Biographical details
- Born: October 7, 1878 Portland, Connecticut, U.S.
- Died: April 8, 1948 (aged 69) Portland, Connecticut, U.S.

Playing career
- 1899–1900: Yale
- 1901: Homestead L & A.C.
- Position(s): Fullback

Coaching career (HC unless noted)
- 1901: Exeter Academy (NH)
- 1902–1903: Ohio State

Head coaching record
- Overall: 14–5–2 (college)

Accomplishments and honors

Awards
- Consensus All-American (1900)

= Perry Hale =

American football player and coach (1878–1948)

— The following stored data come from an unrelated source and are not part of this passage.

definition Dv :: "(real \<times> real \<Rightarrow> 'b::real_normed_vector) \<Rightarrow> real \<times> real \<Rightarrow> 'b" where
  "Dv f p = frechet_derivative f (at p) (0, 1)"

definition g11 :: "(real \<times> real \<Rightarrow> real^4) \<Rightarrow> real \<times> real \<Rightarrow> real" where
  "g11 x p = ip (Du x p) (Du x p)"
definition g12 :: "(real \<times> real \<Rightarrow> real^4) \<Rightarrow> real \<times> real \<Rightarrow> real" where
  "g12 x p = ip (Du x p) (Dv x p)"
definition g22 :: "(real \<times> real \<Rightarrow> real^4) \<Rightarrow> real \<times> real \<Rightarrow> real" where
  "g22 x p = ip (Dv x p) (Dv x p)"
definition gdet :: "(real \<times> real \<Rightarrow> real^4) \<Rightarrow> real \<times> real \<Rightarrow> real" where
  "gdet x p = g11 x p * g22 x p - (g12 x p)^2"

definition gi11 :: "(real \<times> real \<Rightarrow> real^4) \<Rightarrow> real \<times> real \<Rightarrow> real" where
  "gi11 x p = g22 x p / gdet x p"
definition gi12 :: "(real \<times> real \<Rightarrow> real^4) \<Rightarrow> real \<times> real \<Rightarrow> real" where
  "gi12 x p = - g12 x p / gdet x p"
definition gi22 :: "(real \<times> real \<Rightarrow> real^4) \<Rightarrow> real \<times> real \<Rightarrow> real" where
  "gi22 x p = g11 x p / gdet x p"
lemma rank_maximal_finders_le_1:
  assumes max: "rank_maximal s"
  shows "finders part s w \<le> 1"
proof (rule ccontr)
  assume "\<not> finders part s w \<le> 1"
  then have two: "2 \<le> finders part s w" by simp
  then have "{j. w \<in> s j (part j w)} \<noteq> {}" unfolding finders_def by (metis card.empty not_numeral_le_zero)
  then obtain i where "w \<in> s i (part i w)" by blast
  define C where "C = part i w"
  let ?t = "update_cell s i C (s i C - {w})"
  have C: "C \<in> range (part i)" and wS: "w \<in> s i C" unfolding C_def using \<open>w \<in> s i (part i w)\<close> by auto
  have feas: "feasible (\<lambda>i C. K i) s" using max pure_profiles_iff_feasible unfolding rank_maximal_def by blast
  then have sub: "s i C \<subseteq> C" "card (s i C) \<le> K i" using C unfolding feasible_def by blast+
  then have "feasible (\<lambda>i C. K i) ?t"
    using card_Diff1_le[of "s i C" w] by (intro feasible_update_cell[OF feas C]) auto
  then have "optimum_rank ?t \<le> optimum_rank s"
    using max pure_profiles_iff_feasible unfolding rank_maximal_def by blast
  moreover have "social_payoff part \<mu> vs s \<le> social_payoff part \<mu> vs ?t"
  proof (rule social_payoff_mono)
    fix w' show "1 \<le> finders part ?t w'" if "1 \<le> finders part s w'"
      using finders_update_cell[where s = s and w = w', OF C sub(1) Diff_subset[of "s i C" "{w}", THEN order_trans, OF sub(1)]]
        that two wS
      by (cases "w' = w") auto
  qed
  moreover have "search_effort ?t < search_effort s"
    using search_effort_update_cell[OF C, of s "s i C - {w}"] wS card_Diff1_less[of "s i C" w]
      finite_subset[OF sub(1)] by simp
  ultimately show False unfolding optimum_rank_def by auto
qed

lemma rank_maximal_finders_eq_1:
  "rank_maximal s \<Longrightarrow> w \<in> s i (part i w) \<Longrightarrow> finders part s w = 1"
  using rank_maximal_finders_le_1 one_le_finders le_antisym by blast

lemma rank_maximal_no_better_solitary:
  assumes max: "rank_maximal s" and oc: "ordinally_consistent part \<mu> v vs"
    and C: "C \<in> range (part i)" and x: "x \<in> s i C" and y: "y \<in> C - s i C" "finders part s y = 0"
  shows "\<mu> y * v i 1 y \<le> \<mu> x * v i 1 x"
proof (rule ccontr)
  assume "\<not> ?thesis"
  then have better: "\<mu> x * v i 1 x < \<mu> y * v i 1 y" by simp
  define S where "S = s i C"
  define T where "T = insert y (S - {x})"
  let ?t = "update_cell s i C T"
  have feas: "feasible (\<lambda>i C. K i) s" using max pure_profiles_iff_feasible unfolding rank_maximal_def by blast
  then have sub: "S \<subseteq> C" "card S \<le> K i" using C unfolding feasible_def S_def by blast+
  have xS: "x \<in> S" and yS: "y \<notin> S" "y \<in> C" and "finite S" "x \<in> C"
    using x y sub(1) finite_subset unfolding S_def by auto
  have xy: "x \<noteq> y" using xS yS by blast
  have cardT: "card T = card S" using xS yS \<open>finite S\<close> card_Suc_Diff1[of S x] unfolding T_def by simp
  have "T \<subseteq> C" using sub(1) xS yS unfolding T_def by auto
  have "x \<in> s i (part i x)" using x part_eq_cell[OF C \<open>x \<in> C\<close>] by simp
  then have "finders part s x = 1" by (rule rank_maximal_finders_eq_1[OF max])
  have fin: "finders part ?t w + of_bool (w \<in> S) = finders part s w + of_bool (w \<in> T)" for w
    using finders_update_cell[where s = s and T = T and w = w, OF C sub(1)[unfolded S_def] \<open>T \<subseteq> C\<close>]
    unfolding S_def .
  have "feasible (\<lambda>i C. K i) ?t"
    using \<open>T \<subseteq> C\<close> sub cardT by (intro feasible_update_cell[OF feas C]) auto
  then have "optimum_rank ?t \<le> optimum_rank s"
    using max pure_profiles_iff_feasible unfolding rank_maximal_def by blast
  moreover have "social_payoff part \<mu> vs s \<le> social_payoff part \<mu> vs ?t"
  proof -
    have "y \<in> part i x" using part_eq_cell[OF C \<open>x \<in> C\<close>] yS(2) by simp
    then have "\<mu> x * vs x \<le> \<mu> y * vs y" using oc better unfolding ordinally_consistent_def by blast
    moreover have t0: "finders part ?t x = 0" "finders part ?t y = 1"
      using fin[of x] fin[of y] \<open>finders part s x = 1\<close> y(2) xS yS xy unfolding T_def by auto
    have "finders part ?t w = finders part s w" if "w \<noteq> x" "w \<noteq> y" for w
      using fin[of w] that unfolding T_def by auto
    moreover from social_payoff_move_searcher[OF xy \<open>finders part s x = 1\<close> y(2) t0 this]
    have "social_payoff part \<mu> vs ?t = social_payoff part \<mu> vs s - \<mu> x * vs x + \<mu> y * vs y" .
    ultimately show ?thesis by simp
  qed
  moreover have "search_effort ?t = search_effort s"
    using search_effort_update_cell[OF C, of s T] cardT unfolding S_def by simp
  moreover have "potential (\<lambda>_. 0) s < potential (\<lambda>_. 0) ?t"
  proof -
    have "sum u T = sum u S - u x + u y" for u :: "'w \<Rightarrow> real"
      using xS yS \<open>finite S\<close> unfolding T_def by (simp add: sum_diff1)
    then show ?thesis using potential_update_cell[OF C, of "\<lambda>_. 0" s T] better unfolding S_def by simp
  qed
  ultimately show False unfolding optimum_rank_def by auto
qed

lemma rank_maximal_gain_searched:
  assumes "rank_maximal s" "C \<in> range (part i)" "x \<in> s i C"
  shows "gain i (finders part s) (s i C) x = \<mu> x * v i 1 x"
proof -
  have "s i C \<subseteq> C"
    using assms(1,2) pure_profiles_iff_feasible unfolding rank_maximal_def feasible_def by blast
  then have "part i x = C" using assms(3) by (intro part_eq_cell[OF assms(2)]) blast
  then have "finders part s x = 1" using rank_maximal_finders_eq_1[OF assms(1), of x i] assms(3) by simp
  then show ?thesis using assms(3) unfolding gain_def by simp
qed

lemma rank_maximal_gain_unsearched:
  assumes max: "rank_maximal s" and oc: "ordinally_consistent part \<mu> v vs"
    and ssd: "solitary_search_dominant part \<mu> K c v"
    and C: "C \<in> range (part i)" and x: "x \<in> s i C" and y: "y \<in> C - s i C"
  shows "gain i (finders part s) (s i C) y \<le> \<mu> x * v i 1 x"
proof -
  have "s i C \<subseteq> C" using max C pure_profiles_iff_feasible unfolding rank_maximal_def feasible_def by blast
  then have "x \<in> C" using x by blast
  have "finders part s y \<le> 1" by (rule rank_maximal_finders_le_1[OF max])
  then consider "finders part s y = 0" | "finders part s y = 1" by linarith
  then show ?thesis
  proof cases
    case 1
    then show ?thesis using rank_maximal_no_better_solitary[OF max oc C x y] y unfolding gain_def by simp
  next
    case 2
    then show ?thesis
      using solitary_search_dominant_cell(1)[OF ssd C \<open>x \<in> C\<close>] y unfolding gain_def by (simp add: numeral_2_eq_2)
  qed
qed

lemma rank_maximal_capacity_equilibrium:
  assumes max: "rank_maximal s" and oc: "ordinally_consistent part \<mu> v vs"
    and ssd: "solitary_search_dominant part \<mu> K c v"
  shows "capacity_equilibrium (\<lambda>i C. card (s i C)) s"
  unfolding capacity_equilibrium_def
proof (intro conjI allI ballI)
  have feas: "feasible (\<lambda>i C. K i) s" using max pure_profiles_iff_feasible unfolding rank_maximal_def by blast
  then show "feasible (\<lambda>i C. card (s i C)) s" unfolding feasible_def by auto
  fix i C assume C: "C \<in> range (part i)"
  have sub: "s i C \<subseteq> C" "card (s i C) \<le> K i" using feas C unfolding feasible_def by blast+
  show "best_reply (\<lambda>i C. card (s i C)) (finders part s) s i C"
    unfolding best_reply_def
  proof (rule optimal_subsetI[OF _ convex_cell_cost sub(2) sub(1) order_refl])
    show "cell_cost i C (card (s i C)) - cell_cost i C (card (s i C) - 1) \<le> gain i (finders part s) (s i C) x"
      if "x \<in> s i C" for x
    proof -
      have "1 \<le> card (s i C)" using that sub(1) finite_subset by (auto simp: Suc_le_eq card_gt_0_iff)
      then have "cell_cost i C (card (s i C)) - cell_cost i C (card (s i C) - 1)
          \<le> cell_cost i C (K i) - cell_cost i C (K i - 1)"
        using convex_upto_increment_mono[OF convex_cell_cost] sub(2) by blast
      also have "\<dots> = sum \<mu> C * (c i (K i) - c i (K i - 1))"
        unfolding cell_cost_def by (simp add: right_diff_distrib)
      also have "\<dots> \<le> \<mu> x * v i 1 x"
        using solitary_search_dominant_cell(2)[OF ssd C] that sub(1) by blast
      finally show ?thesis using rank_maximal_gain_searched[OF max C that] by simp
    qed
    show "gain i (finders part s) (s i C) y \<le> gain i (finders part s) (s i C) x"
      if "x \<in> s i C" "y \<in> C - s i C" for x y
      using rank_maximal_gain_unsearched[OF max oc ssd C that] rank_maximal_gain_searched[OF max C that(1)]
      by simp
  qed simp_all
qed

end

theorem theorem1:
  fixes part :: "'p::finite \<Rightarrow> 'w::finite \<Rightarrow> 'w set"
    and \<mu> :: "'w \<Rightarrow> real" and K :: "'p \<Rightarrow> nat" and c :: "'p \<Rightarrow> nat \<Rightarrow> real"
    and v :: "'p \<Rightarrow> nat \<Rightarrow> 'w \<Rightarrow> real" and vs :: "'w \<Rightarrow> real"
  assumes "search_game part \<mu> K c v vs"
    and "ordinally_consistent part \<mu> v vs"
    and "solitary_search_dominant part \<mu> K c v"
  shows "\<exists>s. pure_nash part \<mu> K c v s \<and> social_payoff part \<mu> vs s = U_opt part \<mu> K vs"
proof -
  interpret search_game_setting part \<mu> K c v vs by (rule search_game_setting.intro) (rule assms(1))
  obtain s0 where s0: "rank_maximal s0" using ex_rank_maximal by blast
  have "within_capacity (\<lambda>i C. card (s0 i C))"
    using s0 pure_profiles_iff_feasible unfolding rank_maximal_def feasible_def within_capacity_def by blast
  then obtain s where s: "capacity_equilibrium (\<lambda>i C. K i) s" "\<forall>w. finders part s0 w \<le> finders part s w"
    using capacity_equilibrium_full_capacity rank_maximal_capacity_equilibrium[OF s0 assms(2,3)] by blast
  have nash: "pure_nash part \<mu> K c v s" by (rule pure_nash_if_capacity_equilibrium[OF s(1)])
  have "U_opt part \<mu> K vs = social_payoff part \<mu> vs s0" using rank_maximal_social_optimum[OF s0] by simp
  also have "\<dots> \<le> social_payoff part \<mu> vs s" using s(2) by (intro social_payoff_mono) (meson order_trans)
  also have "\<dots> \<le> U_opt part \<mu> K vs" using nash social_payoff_le_U_opt unfolding pure_nash_def by blast
  finally show ?thesis using nash by auto
qed

end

Perry Titus Wells Hale (October 7, 1878 – April 8, 1948) was an American football player and coach. He played college football at Yale University and was selected to the 1900 College Football All-America Team as a fullback. Hale also played professionally for the 1901 Homestead Library & Athletic Club football team. That season, he also coached the Phillips Exeter Academy football team and joined Homestead in mid-November after Exeter's last game. Hale then served as the sixth head football coach at Ohio State University from 1902 to 1903, compiling a record of 14–5–2. He was 0–2 against Michigan.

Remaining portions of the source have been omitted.